In the entries that follow, the lines from the one with "(K33_parity c), d)" through the one with "ends33 = card" are the ones to write out, exactly and with both ends included. Nothing else should appear.
::::::::
lemma kempe_class_K33:
  assumes c: "c \<in> P33"
  shows "(kempe_step E33 ends33)\<^sup>* `` {c} = {d \<in> P33. K33_parity d = K33_parity c}"
proof (intro equalityI subsetI)
  fix d assume "d \<in> (kempe_step E33 ends33)\<^sup>* `` {c}"
  then have "(c, d) \<in> (kempe_step E33 ends33)\<^sup>*" by simp
  then show "d \<in> {d \<in> P33. K33_parity d = K33_parity c}"
  proof (induction rule: rtrancl_induct)
    case (step d d')
    then have "d \<in> P33" "d' \<in> P33" using kempe_step_subset by blast+
    with step show ?case using kempe_step_K33_iff K33_parity_swap_colors by force
  qed (use c in simp)
next
  fix d assume "d \<in> {d \<in> P33. K33_parity d = K33_parity c}"
  then have d: "d \<in> P33" "K33_parity d = K33_parity c" by auto
  have "(d, latin_square (K33_parity c)) \<in> (kempe_step E33 ends33)\<^sup>*"
    using K33_normalize[OF d(1)] d(2) by simp
  then have "(latin_square (K33_parity c), d) \<in> (kempe_step E33 ends33)\<^sup>*"
    by (rule symD[OF sym_rtrancl[OF sym_kempe_step_K33]])
  with K33_normalize[OF c] show "d \<in> (kempe_step E33 ends33)\<^sup>* `` {c}"
    by (simp add: rtrancl_trans)
qed

lemma kempe_classes_3_K33: "kempe_classes_3 E33 ends33 = 2"
proof -
  have "kempe_classes_3 E33 ends33 = card (K33_parity ` P33)"
    unfolding kempe_classes_3_def kempe_equiv_eq by (rule card_quotient_eq_card_image) (rule kempe_class_K33)
  also have "K33_parity ` P33 = {True, False}"
    using latin_square_proper K33_parity_latin_square by (auto intro: rev_image_eqI)
  finally show ?thesis by simp
qed

lemma graph_K33: "graph V33 E33 ends33"
  unfolding graph_def V33_def E33_def ends33_def by auto

lemma bipartite_K33: "bipartite V33 E33 ends33"
  unfolding bipartite_def
proof (intro exI[of _ "{0,1,2}"] conjI ballI)
  show "{0,1,2} \<subseteq> V33" unfolding V33_def by auto
  fix e assume "e \<in> E33"
  then have "ends33 e \<inter> {0,1,2} = {e div 3}" unfolding E33_def ends33_def by auto
  then show "card (ends33 e \<inter> {0,1,2}) = 1" by simp
qed

lemma cubic_K33: "cubic V33 E33 ends33"
  unfolding cubic_def
proof
  fix v assume "v \<in> V33"
  then have v: "v < 6" unfolding V33_def by simp
  have "{e \<in> E33. v \<in> ends33 e} = (if v < 3 then (\<lambda>j. 3 * v + j) else (\<lambda>i. 3 * i + (v - 3))) ` {..<3}"
  proof (intro equalityI subsetI)
    fix e assume "e \<in> {e \<in> E33. v \<in> ends33 e}"
    then have e: "e < 9" "v = e div 3 \<or> v = 3 + e mod 3" unfolding E33_def ends33_def by auto
    have e_eq: "e = 3 * (e div 3) + e mod 3" by simp
    show "e \<in> (if v < 3 then (\<lambda>j. 3 * v + j) else (\<lambda>i. 3 * i + (v - 3))) ` {..<3}"
    proof (cases "v < 3")
      case True
      then have "e = 3 * v + e mod 3" using e(2) e_eq by auto
      with True show ?thesis by (auto intro: image_eqI[of _ _ "e mod 3"])
    next
      case False
      then have "e = 3 * (e div 3) + (v - 3)" "e div 3 < 3" using e e_eq by auto
      with False show ?thesis by (auto intro: image_eqI[of _ _ "e div 3"])
    qed
  next
    fix e assume "e \<in> (if v < 3 then (\<lambda>j. 3 * v + j) else (\<lambda>i. 3 * i + (v - 3))) ` {..<3}"
    then obtain k where k: "k < 3" "e = (if v < 3 then 3 * v + k else 3 * k + (v - 3))" by auto
    show "e \<in> {e \<in> E33. v \<in> ends33 e}"
    proof (cases "v < 3")
      case True
      then have "e div 3 = v" "e < 9" using k by auto
      then show ?thesis unfolding E33_def ends33_def by auto
    next
      case False
      then have "e = (v - 3) + 3 * k" "v - 3 < 3" using k v by auto
      then have "e mod 3 = v - 3" "e < 9" using k(1) by simp_all
      then show ?thesis using False unfolding E33_def ends33_def by auto
    qed
  qed
  moreover have "inj_on (if v < 3 then (\<lambda>j. 3 * v + j) else (\<lambda>i. 3 * i + (v - 3))) {..<3}"
    by (auto simp: inj_on_def)
  ultimately show "degree E33 ends33 v = 3" unfolding degree_def by (simp add: card_image)
qed

section \<open>Adding copies of \<open>K\<^sub>3\<^sub>,\<^sub>3\<close>\<close>

lemma kempe_classes_3_empty: "kempe_classes_3 {} ends = 1"
proof -
  have "proper_3_edge_colorings {} ends = {\<lambda>_. undefined}"
    unfolding proper_3_edge_colorings_def by auto
  then show ?thesis unfolding kempe_classes_3_def quotient_eq_image by simp
qed

lemma disjoint_union_empty:
  fixes ends' :: "'f \<Rightarrow> 'w set"
  assumes "graph V E ends" "bij_betw \<phi> V V'" "bij_betw \<psi> E E'" "\<And>e. e \<in> E \<Longrightarrow> ends' (\<psi> e) = \<phi> ` ends e"
  shows "disjoint_union V E ends {} {} (\<lambda>_ :: nat. {} :: nat set) V' E' ends' \<psi> (\<lambda>_. undefined) \<phi> (\<lambda>_. undefined)"
  using assms by unfold_locales (auto simp: graph_def bij_betw_def)

lemma graph_isomorphism_invariants:
  fixes ends' :: "'f \<Rightarrow> 'w set"
  assumes "graph V E ends" "bij_betw \<phi> V V'" "bij_betw \<psi> E E'" "\<And>e. e \<in> E \<Longrightarrow> ends' (\<psi> e) = \<phi> ` ends e"
  shows "graph V' E' ends'"
    and "cubic V E ends \<Longrightarrow> cubic V' E' ends'"
    and "planar V' E' ends' \<Longrightarrow> planar V E ends"
    and "bipartite V E ends \<Longrightarrow> bipartite V' E' ends'"
    and "kempe_classes_3 E' ends' = kempe_classes_3 E ends"
proof -
  note U = disjoint_union_empty[OF assms]
  show "graph V' E' ends'" by (rule disjoint_union.graph_disjoint_union[OF U])
  show "cubic V E ends \<Longrightarrow> cubic V' E' ends'"
    by (rule disjoint_union.cubic_disjoint_union[OF U]) (simp_all add: cubic_def)
  show "planar V' E' ends' \<Longrightarrow> planar V E ends" by (rule disjoint_union.planar_part1[OF U])
  show "bipartite V E ends \<Longrightarrow> bipartite V' E' ends'"
    by (rule disjoint_union.bipartite_disjoint_union[OF U]) (simp_all add: bipartite_def)
  show "kempe_classes_3 E' ends' = kempe_classes_3 E ends"
    using disjoint_union.kempe_classes_3_disjoint_union[OF U] kempe_classes_3_empty[of "\<lambda>_ :: nat. {} :: nat set"]
    by simp
qed

text \<open>Edge \<open>m + 9 * k + e\<close> (\<open>e < 9\<close>) is edge \<open>e\<close> of the \<open>k\<close>-th copy of \<open>K\<^sub>3\<^sub>,\<^sub>3\<close>, whose
vertices are \<open>n + 6 * k + u\<close> for \<open>u < 6\<close>.\<close>

definition with_K33_copies :: "nat \<Rightarrow> nat \<Rightarrow> (nat \<Rightarrow> nat set) \<Rightarrow> nat \<Rightarrow> nat set"
  where "with_K33_copies n m ends x =
    (if x < m then ends x else (\<lambda>u. n + 6 * ((x - m) div 9) + u) ` ends33 ((x - m) mod 9))"

lemma lessThan_add_eq_Un_image: "{..<a + b} = {..<a} \<union> (\<lambda>x. a + x) ` {..<b :: nat}"
proof (intro equalityI subsetI)
  fix x assume "x \<in> {..<a + b}"
  then have "x < a \<or> (x - a < b \<and> x = a + (x - a))" by auto
  then show "x \<in> {..<a} \<union> (\<lambda>x. a + x) ` {..<b}" by blast
qed auto

lemma disjoint_union_K33_copy:
  assumes "graph {..<n + 6 * k} {..<m + 9 * k} (with_K33_copies n m ends)"
  shows "disjoint_union {..<n + 6 * k} {..<m + 9 * k} (with_K33_copies n m ends) V33 E33 ends33
    {..<n + 6 * Suc k} {..<m + 9 * Suc k} (with_K33_copies n m ends) id (\<lambda>e. m + 9 * k + e) id (\<lambda>u. n + 6 * k + u)"
proof unfold_locales
  show "{..<m + 9 * Suc k} = id ` {..<m + 9 * k} \<union> (\<lambda>e. m + 9 * k + e) ` E33"
    unfolding E33_def using lessThan_add_eq_Un_image[of "m + 9 * k" 9] by (simp add: algebra_simps)
  show "{..<n + 6 * Suc k} = id ` {..<n + 6 * k} \<union> (\<lambda>u. n + 6 * k + u) ` V33"
    unfolding V33_def using lessThan_add_eq_Un_image[of "n + 6 * k" 6] by (simp add: algebra_simps)
  show "with_K33_copies n m ends (m + 9 * k + e) = (\<lambda>u. n + 6 * k + u) ` ends33 e" if "e \<in> E33" for e
    using that unfolding with_K33_copies_def E33_def by simp
qed (use assms graph_K33 in \<open>auto simp: E33_def V33_def with_K33_copies_def\<close>)

lemma K33_copies:
  fixes ends :: "nat \<Rightarrow> nat set"
  assumes G: "graph {..<n} {..<m} ends"
  defines "ends' \<equiv> with_K33_copies n m ends"
  shows "graph {..<n + 6 * k} {..<m + 9 * k} ends' \<and>
    (cubic {..<n} {..<m} ends \<longrightarrow> cubic {..<n + 6 * k} {..<m + 9 * k} ends') \<and>
    (planar {..<n + 6 * k} {..<m + 9 * k} ends' \<longrightarrow> planar {..<n} {..<m} ends) \<and>
    (bipartite {..<n} {..<m} ends \<longrightarrow> bipartite {..<n + 6 * k} {..<m + 9 * k} ends') \<and>
    kempe_classes_3 {..<m + 9 * k} ends' = 2 ^ k * kempe_classes_3 {..<m} ends"
proof (induction k)
  case 0
  have "ends' (id e) = id ` ends e" if "e \<in> {..<m}" for e
    using that unfolding ends'_def with_K33_copies_def by simp
  from graph_isomorphism_invariants[OF G bij_betw_id bij_betw_id this] show ?case by simp
next
  case (Suc k)
  interpret disjoint_union "{..<n + 6 * k}" "{..<m + 9 * k}" ends' V33 E33 ends33
    "{..<n + 6 * Suc k}" "{..<m + 9 * Suc k}" ends' id "\<lambda>e. m + 9 * k + e" id "\<lambda>u. n + 6 * k + u"
    using disjoint_union_K33_copy Suc.IH unfolding ends'_def by blast
  show ?case
    using Suc.IH graph_disjoint_union cubic_disjoint_union[OF _ cubic_K33] planar_part1
      bipartite_disjoint_union[OF _ bipartite_K33] kempe_classes_3_disjoint_union kempe_classes_3_K33
    by auto
qed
::::::::
EXPECTED ANSWER:
  then have "(latin_square (K33_parity c), d) \<in> (kempe_step E33 ends33)\<^sup>*"
    by (rule symD[OF sym_rtrancl[OF sym_kempe_step_K33]])
  with K33_normalize[OF c] show "d \<in> (kempe_step E33 ends33)\<^sup>* `` {c}"
    by (simp add: rtrancl_trans)
qed

lemma kempe_classes_3_K33: "kempe_classes_3 E33 ends33 = 2"
proof -
  have "kempe_classes_3 E33 ends33 = card (K33_parity ` P33)"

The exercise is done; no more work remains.